4.启动Zookeeper。cmd中输入:

zkServer  

2.安装Kafka

1.下载Kafka部署包,解压到指定目录。
2.修改config文件夹下的server.properties,修改日志路径的配置。

log.dirs=D:/envpath/kafka_2.11-1.1.0/logs

3.到kafka的安装目录下,启动Kafka。

.\bin\windows\kafka-server-start.bat .\config\server.properties

2.Scala API 测试Producer和Consumer

1.Maven依赖

<properties>
        <kafka.version>1.1.0kafka.version>
properties>
<dependency>
            <groupId>org.apache.kafkagroupId>
            <artifactId>kafka_2.11artifactId>
            <version>${kafka.version}version>
        dependency>
        <dependency>
            <groupId>org.apache.kafkagroupId>
            <artifactId>kafka-clientsartifactId>
            <version>${kafka.version}version>
        dependency>

2.Producer

producer是用来生成数据的。props中配置了一系列的参数,每个参数如下:

参数 含义
bootstrap.servers kafka连接的broker地址列表。格式为host[:port];可以有多个地址,用逗号分隔,如kafka01:9092,kafka02:9092。
acks 代表kafka收到消息的答复数。0表示不需要收到答复。1表示,只要有一个leader broker答复即可,all表示需要收到所有broker的答复。默认为1。
retries 重试发送次数。网络故障时,会自动重发消息。若acks为0,则该项无效,因为无法判断是否需要重发。
batch.size 批处理消息字节数。发往broker的消息会包含多个batches,每个分区对应一个batch,batch小了会减小响吞吐量,batch为0的话就禁用了batch发送。默认值为16384(16kb)。
linger.ms 逗留时间。这个逗留指的是消息不立即发送,而是逗留这个时间后一块发送。默认值为0。
buffer.memory 保存待发送消息的内存大小。当消息发送速度大于kafka服务器接收的速度,producer会阻塞max_block_ms,超时会报异常,buffer_memory用来保存等待发送的消息,默认33554432(32MB)。
key.serializer key序列化函数。默认值为: None,因此必须要配置该项,否则会报错。
value.serializer value序列化函数。默认值为: None,因此必须要配置该项,否则会报错。

具体代码如下:

import java.util.Properties
import org.apache.kafka.clients.producer.{ProducerRecord, KafkaProducer}
import scala.util.Random

object MessageProducer {
  val topic = "test-music-topic"
  def main(args: Array[String]) {
    val props = new Properties()
    props.put("bootstrap.servers", "localhost:9092")
    props.put("acks", "1")
    props.put("retries", "0")
    props.put("batch.size", "16384")
    props.put("linger.ms", "1")
    props.put("buffer.memory","33554432")
    props.put("key.serializer","org.apache.kafka.common.serialization.StringSerializer")
    props.put("value.serializer","org.apache.kafka.common.serialization.StringSerializer")

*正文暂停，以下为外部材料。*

text \<open>Generic VCE on a tree with PM set Hs, link set Ls (given by their lower nodes),
  PM capacities capf and link bandwidths bwf.  n_v counts the VMs in T_v, i.e. on PMs
  of Hs whose path extends v.\<close>
definition vce :: "nat \<Rightarrow> real \<Rightarrow> nat list set \<Rightarrow> nat list set \<Rightarrow>
    (nat list \<Rightarrow> nat) \<Rightarrow> (nat list \<Rightarrow> real) \<Rightarrow> (nat list \<Rightarrow> nat) \<Rightarrow> bool" where
  "vce N B Hs Ls capf bwf C \<longleftrightarrow>
     (\<forall>h \<in> Hs. C h \<le> capf h) \<and> (\<Sum>h \<in> Hs. C h) = N \<and>
     (\<forall>v \<in> Ls. let nv = (\<Sum>h \<in> {h \<in> Hs. \<exists>q. h = v @ q}. C h) in
         min (real nv) (real N - real nv) * B \<le> bwf v)"

text \<open>SVCE of request (N,B) in substrate t: the failure of PM F removes F and l_F.\<close>
definition is_svce :: "nat \<Rightarrow> real \<Rightarrow> stree \<Rightarrow> (nat list \<Rightarrow> nat) \<Rightarrow> (nat list \<Rightarrow> real) \<Rightarrow> bool" where
  "is_svce N B t Cs Bs \<longleftrightarrow>
     (\<forall>h \<in> pms t. Cs h \<le> cap t h) \<and>
     (\<forall>v \<in> nodes t - {[]}. 0 \<le> Bs v \<and> Bs v \<le> bw t v) \<and>
     (\<forall>F \<in> pms t. \<exists>C. vce N B (pms t - {F}) (nodes t - {[], F}) Cs Bs C)"

definition optimal_svce :: "nat \<Rightarrow> real \<Rightarrow> stree \<Rightarrow> (nat list \<Rightarrow> nat) \<Rightarrow> (nat list \<Rightarrow> real) \<Rightarrow> bool" where
  "optimal_svce N B t Cs Bs \<longleftrightarrow> is_svce N B t Cs Bs \<and>
     (\<forall>Cs' Bs'. is_svce N B t Cs' Bs' \<longrightarrow> (\<Sum>h \<in> pms t. Cs h) \<le> (\<Sum>h \<in> pms t. Cs' h))"

definition inLam :: "nat \<Rightarrow> real \<Rightarrow> real \<Rightarrow> nat \<Rightarrow> bool" where
  "inLam N B b x \<longleftrightarrow> real x \<le> b / B \<or> real N - b / B \<le> real x"

definition lam :: "nat \<Rightarrow> real \<Rightarrow> real \<Rightarrow> nat" where
  "lam N B b = nat \<lceil>real N - b / B\<rceil>"

definition mv :: "nat \<Rightarrow> real \<Rightarrow> real \<Rightarrow> nat \<Rightarrow> nat" where
  "mv N B b x = (if inLam N B b x then x else lam N B b)"

text \<open>Table of a PM with c slots and out-bound bandwidth b (\<infinity> = infeasible).\<close>
definition leaf_tbl :: "nat \<Rightarrow> real \<Rightarrow> nat \<Rightarrow> real \<Rightarrow> nat \<Rightarrow> nat \<Rightarrow> enat" where
  "leaf_tbl N B c b n0 n1 =
     (if n1 = 0 \<and> n0 \<le> c \<and> inLam N B b n0 then enat n0
      else if n1 = 0 \<and> \<not> inLam N B b n0 \<and> lam N B b \<le> c then enat (lam N B b)
      else \<infinity>)"

definition init_tbl :: "nat \<Rightarrow> nat \<Rightarrow> enat" where
  "init_tbl n0 n1 = (if n0 = 0 \<and> n1 = 0 then 0 else \<infinity>)"

text \<open>One step N'_v[.,.,k] from N'_v[.,.,k-1] (= P) and N_{u_k} (= Q); minimum of the
  empty set is \<infinity>.\<close>
definition combine :: "nat \<Rightarrow> (nat \<Rightarrow> nat \<Rightarrow> enat) \<Rightarrow> (nat \<Rightarrow> nat \<Rightarrow> enat) \<Rightarrow> nat \<Rightarrow> nat \<Rightarrow> enat" where
  "combine N P Q n0 n1 =
     (INF x \<in> {(a0, a1, b0, b1). a0 \<le> N \<and> a1 \<le> N \<and> b0 \<le> N \<and> b1 \<le> N \<and>
                  n0 \<le> a0 + b0 \<and> n1 \<le> min (a0 + b1) (b0 + a1)}.
        (case x of (a0, a1, b0, b1) \<Rightarrow> P a0 a1 + Q b0 b1))"

fun dp :: "nat \<Rightarrow> real \<Rightarrow> stree \<Rightarrow> nat \<Rightarrow> nat \<Rightarrow> enat" where
  "dp N B (PM c b) = leaf_tbl N B c b"
| "dp N B (Switch b ts) =
     (\<lambda>n0 n1. foldl (combine N) init_tbl (map (dp N B) ts) (mv N B b n0) (mv N B b n1))"

definition partial :: "nat \<Rightarrow> real \<Rightarrow> stree list \<Rightarrow> nat \<Rightarrow> nat \<Rightarrow> nat \<Rightarrow> enat" where
  "partial N B ts k = foldl (combine N) init_tbl (map (dp N B) (take k ts))"

text \<open>N_r for the root (m_r is the identity since b_r = \<infinity>).\<close>
fun root_tbl :: "nat \<Rightarrow> real \<Rightarrow> stree \<Rightarrow> nat \<Rightarrow> nat \<Rightarrow> enat" where
  "root_tbl N B (Switch b ts) = partial N B ts (length ts)"
| "root_tbl N B (PM c b) = dp N B (PM c b)"

text \<open>The effective (mapped) numbers of working VMs of a node given the pair tg
  requested by its parent (the root is requested (N,N) and uses no mapping).\<close>
definition eff :: "nat \<Rightarrow> real \<Rightarrow> stree \<Rightarrow> nat list \<Rightarrow> nat \<times> nat \<Rightarrow> nat \<times> nat" where
  "eff N B t p x = (if p = [] then x else (mv N B (bw t p) (fst x), mv N B (bw t p) (snd x)))"

text \<open>A backtracking run: tg p is the pair (n0,n1) chosen for node p by its parent
  (tg [] = (N,N)); for a switch p with children u_1..u_d, st p k is the pair at which
  N'_p[.,.,k] is looked up, starting with st p d = eff(tg p); going from k+1 to k a
  minimizing choice (st p k, tg (p@[k])) of the recurrence is taken.\<close>
definition bt_run :: "nat \<Rightarrow> real \<Rightarrow> stree \<Rightarrow> (nat list \<Rightarrow> nat \<times> nat) \<Rightarrow>
    (nat list \<Rightarrow> nat \<Rightarrow> nat \<times> nat) \<Rightarrow> bool" where
  "bt_run N B t tg st \<longleftrightarrow> tg [] = (N, N) \<and>
     (\<forall>p \<in> nodes t. \<forall>b ts. subtree t p = Switch b ts \<longrightarrow>
        st p (length ts) = eff N B t p (tg p) \<and>
        (\<forall>k < length ts.
           fst (st p k) \<le> N \<and> snd (st p k) \<le> N \<and>
           fst (tg (p @ [k])) \<le> N \<and> snd (tg (p @ [k])) \<le> N \<and>
           fst (st p (Suc k)) \<le> fst (st p k) + fst (tg (p @ [k])) \<and>
           snd (st p (Suc k)) \<le> min (fst (st p k) + snd (tg (p @ [k])))
                                    (fst (tg (p @ [k])) + snd (st p k)) \<and>
           partial N B ts k (fst (st p k)) (snd (st p k))
             + dp N B (ts ! k) (fst (tg (p @ [k]))) (snd (tg (p @ [k])))
           = partial N B ts (Suc k) (fst (st p (Suc k))) (snd (st p (Suc k)))))"

definition hose :: "nat \<Rightarrow> real \<Rightarrow> nat \<times> nat \<Rightarrow> real" where
  "hose N B a = B * max (min (real (fst a)) (real N - real (fst a)))
                        (min (real (snd a)) (real N - real (snd a)))"

text \<open>Possible outputs of Algorithm 1 (None = "Infeasible"); ties in the backtracking
  may be broken arbitrarily.\<close>
definition alg1_output :: "nat \<Rightarrow> real \<Rightarrow> stree \<Rightarrow>
    ((nat list \<Rightarrow> nat) \<times> (nat list \<Rightarrow> real)) option \<Rightarrow> bool" where
  "alg1_output N B t R \<longleftrightarrow>
     (if root_tbl N B t N N = \<infinity> then R = None
      else (\<exists>Cs Bs tg st. R = Some (Cs, Bs) \<and> bt_run N B t tg st \<and>
              (\<forall>h \<in> pms t. enat (Cs h) = dp N B (subtree t h) (fst (tg h)) (snd (tg h))) \<and>
              (\<forall>v \<in> nodes t - {[]}. Bs v = hose N B (eff N B t v (tg v)))))"

end

theory Submission
  imports Defs
begin

text \<open>Optimality is proved as a sandwich.  For any allocation \<kappa> of VM slots in a subtree T_u,
  let A be the largest number of VMs that \<kappa> can host in T_u respecting all bandwidths and f
  the least such number after a single PM failure in T_u.  By induction on u,
  N_u[min N A, min N f] \<le> \<Sum>\<kappa>, because a failure affects exactly one child; at the root an SVCE
  gives A, f \<ge> N, so N_r[N, N] is a lower bound on the cost of every SVCE.
  Conversely, backtracking assigns each node v targets (a0, a1), rounded into \<Lambda>_v, and the
  allocation it returns costs exactly N_r[N, N].  When PM F fails, let every T_v supply a1
  working VMs if it contains F and a0 otherwise; the hose bandwidths chosen for these targets
  fit into b_v thanks to the rounding, and a bottom-up induction keeps enough VM counts
  realizable in every subtree that N VMs can be placed at the root.  So the output is an
  SVCE of cost N_r[N, N], hence optimal, and "Infeasible" is returned iff N_r[N, N] = \<infinity>.\<close>

fun wf_tree :: "stree \<Rightarrow> bool" where
  "wf_tree (PM c b) = (0 \<le> b)"
| "wf_tree (Switch b ts) = (0 \<le> b \<and> ts \<noteq> [] \<and> (\<forall>u\<in>set ts. wf_tree u))"

lemma nodes_PM: "nodes (PM c b) = {[]}"
  unfolding nodes_def by (auto elim: valid.elims)

lemma nodes_Switch: "nodes (Switch b ts) = insert [] (\<Union>i<length ts. (#) i ` nodes (ts ! i))"
proof (rule set_eqI)
  show "p \<in> nodes (Switch b ts) \<longleftrightarrow> p \<in> insert [] (\<Union>i<length ts. (#) i ` nodes (ts ! i))" for p
    unfolding nodes_def by (cases p) auto
qed

lemma pms_PM: "pms (PM c b) = {[]}"
  unfolding pms_def by (auto elim: valid.elims)

lemma pms_Switch: "pms (Switch b ts) = (\<Union>i<length ts. (#) i ` pms (ts ! i))"
proof (rule set_eqI)
  show "p \<in> pms (Switch b ts) \<longleftrightarrow> p \<in> (\<Union>i<length ts. (#) i ` pms (ts ! i))" for p
    unfolding pms_def by (cases p) auto
qed

lemma finite_nodes: "finite (nodes u)"
  by (induction u) (auto simp: nodes_PM nodes_Switch)

lemma pms_subset_nodes: "pms u \<subseteq> nodes u"
  unfolding pms_def nodes_def by auto

lemma finite_pms: "finite (pms u)"
  using finite_nodes pms_subset_nodes finite_subset by blast

lemma pms_nonempty: "wf_tree u \<Longrightarrow> pms u \<noteq> {}"
proof (induction u)
  case (PM c b) then show ?case by (simp add: pms_PM)
next
  case (Switch b ts)
  then have "0 < length ts" by simp
  with Switch show ?case by (auto simp: pms_Switch)
qed

lemma sum_pms_Switch:
  "(\<Sum>h\<in>pms (Switch b ts). f h) = (\<Sum>i<length ts. \<Sum>h\<in>pms (ts ! i). f (i # h))"
  unfolding pms_Switch
  by (subst sum.UNION_disjoint) (auto simp: finite_pms sum.reindex inj_on_def)

lemma bw_Switch_Cons [simp]: "bw (Switch b ts) (i # p) = bw (ts ! i) p"
  by (simp add: bw_def)

lemma cap_Switch_Cons [simp]: "cap (Switch b ts) (i # p) = cap (ts ! i) p"
  by (simp add: cap_def)

lemma bw_Nil [simp]: "bw u [] = bw_of u"
  by (simp add: bw_def)

lemma bw_Switch_comp_Cons: "bw (Switch b ts) \<circ> (#) i = bw (ts ! i)"
  by (rule ext) simp

lemma valid_append: "valid u (p @ q) = (valid u p \<and> valid (subtree u p) q)"
proof (induction u p rule: valid.induct)
  case (2 c b i p) then show ?case by (cases q) auto
qed auto

lemma subtree_append: "valid u p \<Longrightarrow> subtree u (p @ q) = subtree (subtree u p) q"
  by (induction u p rule: valid.induct) auto

lemma wf_tree_subtree: "wf_tree u \<Longrightarrow> valid u p \<Longrightarrow> wf_tree (subtree u p)"
  by (induction u p rule: valid.induct) auto

lemma wf_tree_bw_nonneg: "wf_tree u \<Longrightarrow> v \<in> nodes u \<Longrightarrow> 0 \<le> bw u v"
  using wf_tree_subtree[of u v] by (cases "subtree u v") (auto simp: nodes_def bw_def)

lemma pms_no_extension: "h \<in> pms u \<Longrightarrow> valid u (h @ q) \<Longrightarrow> q = []"
  by (cases q) (auto simp: pms_def valid_append elim: is_pm.elims)

lemma pms_below_pm: "F \<in> pms u \<Longrightarrow> {h \<in> pms u. \<exists>q. h = F @ q} = {F}"
  using pms_no_extension by (fastforce simp: pms_def)

lemma nodes_snoc:
  assumes "p \<in> nodes t" "subtree t p = Switch b ts" "i < length ts"
  shows "p @ [i] \<in> nodes t \<and> subtree t (p @ [i]) = ts ! i"
  using assms by (auto simp: nodes_def valid_append subtree_append)

lemma nodes_snocD:
  assumes "p @ [i] \<in> nodes t"
  shows "p \<in> nodes t \<and> (\<exists>b ts. subtree t p = Switch b ts \<and> i < length ts)"
proof -
  have "valid t p" "valid (subtree t p) [i]"
    using assms by (auto simp: nodes_def valid_append)
  then show ?thesis by (cases "subtree t p") (auto simp: nodes_def)
qed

    val producer = new KafkaProducer[String, String](props)

    val users = Array("Tim", "Mary", "Jack", "Edward", "Milly", "Jackson")
    val musics = Array("Life is like a boat", "Lemon", "Rain", "Fish in the pool", "City of Starts", "Summer", "Planet")
    val operations = Array("like", "download", "store","delete")

    val random = new Random()
    val num = 10
    for (i <- 0 to num) {
      val message = users(random.nextInt(users.length)) + "," +
        musics(random.nextInt(musics.length)) + "," +
        operations(random.nextInt(operations.length)) + "," +
        System.currentTimeMillis()
      producer.send(new ProducerRecord[String, String](topic, Integer.toString(i), message))
      println(message)
    }
    producer.close()
  }
}

3. Consumer

Consumer用来消费数据。其配置项key.deserializer和value.deserializer是必须的,与Producer的key.seriliazer和value.seriliazer对应。具体代码如下。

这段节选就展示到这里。